##### Information supplied

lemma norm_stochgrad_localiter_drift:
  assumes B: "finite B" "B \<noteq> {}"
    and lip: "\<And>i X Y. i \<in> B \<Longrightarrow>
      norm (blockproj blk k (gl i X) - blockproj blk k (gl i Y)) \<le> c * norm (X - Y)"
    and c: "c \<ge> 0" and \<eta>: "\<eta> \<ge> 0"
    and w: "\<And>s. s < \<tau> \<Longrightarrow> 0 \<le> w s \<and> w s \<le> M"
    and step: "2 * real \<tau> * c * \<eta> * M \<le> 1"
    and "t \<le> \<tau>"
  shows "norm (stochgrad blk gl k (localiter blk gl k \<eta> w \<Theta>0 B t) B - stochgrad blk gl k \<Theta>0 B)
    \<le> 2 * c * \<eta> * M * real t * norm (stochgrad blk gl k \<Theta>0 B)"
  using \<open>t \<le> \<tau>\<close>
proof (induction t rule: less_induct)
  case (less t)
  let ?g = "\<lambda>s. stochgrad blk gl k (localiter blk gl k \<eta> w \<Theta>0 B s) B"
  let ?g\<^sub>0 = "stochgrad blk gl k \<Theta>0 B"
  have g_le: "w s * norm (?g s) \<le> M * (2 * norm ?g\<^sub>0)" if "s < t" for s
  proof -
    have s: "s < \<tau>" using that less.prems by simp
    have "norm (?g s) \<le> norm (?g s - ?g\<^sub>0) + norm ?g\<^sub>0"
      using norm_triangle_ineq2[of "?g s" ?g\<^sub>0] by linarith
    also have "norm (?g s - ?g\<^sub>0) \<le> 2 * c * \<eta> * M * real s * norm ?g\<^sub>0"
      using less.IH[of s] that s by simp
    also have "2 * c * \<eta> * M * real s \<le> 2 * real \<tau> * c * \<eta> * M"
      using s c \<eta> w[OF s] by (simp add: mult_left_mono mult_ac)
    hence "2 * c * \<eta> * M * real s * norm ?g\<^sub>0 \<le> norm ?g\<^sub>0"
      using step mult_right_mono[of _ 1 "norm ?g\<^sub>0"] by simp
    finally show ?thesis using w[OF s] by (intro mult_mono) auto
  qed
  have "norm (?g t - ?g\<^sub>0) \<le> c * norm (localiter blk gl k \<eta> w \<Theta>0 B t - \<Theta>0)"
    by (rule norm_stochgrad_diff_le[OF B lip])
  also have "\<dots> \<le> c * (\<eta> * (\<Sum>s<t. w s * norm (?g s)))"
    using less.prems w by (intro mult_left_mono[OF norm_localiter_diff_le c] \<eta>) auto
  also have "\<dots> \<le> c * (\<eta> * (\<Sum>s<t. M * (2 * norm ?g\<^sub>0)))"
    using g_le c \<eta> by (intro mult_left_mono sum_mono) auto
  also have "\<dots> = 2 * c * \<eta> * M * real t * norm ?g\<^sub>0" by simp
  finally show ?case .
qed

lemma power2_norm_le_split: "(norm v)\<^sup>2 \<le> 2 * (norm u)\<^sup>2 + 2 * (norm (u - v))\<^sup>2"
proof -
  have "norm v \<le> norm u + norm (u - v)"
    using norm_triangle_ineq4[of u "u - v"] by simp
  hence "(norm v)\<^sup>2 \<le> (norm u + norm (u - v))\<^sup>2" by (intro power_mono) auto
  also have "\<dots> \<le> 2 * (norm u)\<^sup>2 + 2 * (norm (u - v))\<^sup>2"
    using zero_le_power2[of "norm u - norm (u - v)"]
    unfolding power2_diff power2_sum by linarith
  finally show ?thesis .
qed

##########

Each line from the first line of the entries up to and including the line containing "- stochgrad blk gl k \<Theta>0 B)" should be transcribed exactly, with all other lines left out.

> [Response to this exercise]
lemma norm_stochgrad_localiter_drift:
  assumes B: "finite B" "B \<noteq> {}"
    and lip: "\<And>i X Y. i \<in> B \<Longrightarrow>
      norm (blockproj blk k (gl i X) - blockproj blk k (gl i Y)) \<le> c * norm (X - Y)"
    and c: "c \<ge> 0" and \<eta>: "\<eta> \<ge> 0"
    and w: "\<And>s. s < \<tau> \<Longrightarrow> 0 \<le> w s \<and> w s \<le> M"
    and step: "2 * real \<tau> * c * \<eta> * M \<le> 1"
    and "t \<le> \<tau>"
  shows "norm (stochgrad blk gl k (localiter blk gl k \<eta> w \<Theta>0 B t) B - stochgrad blk gl k \<Theta>0 B)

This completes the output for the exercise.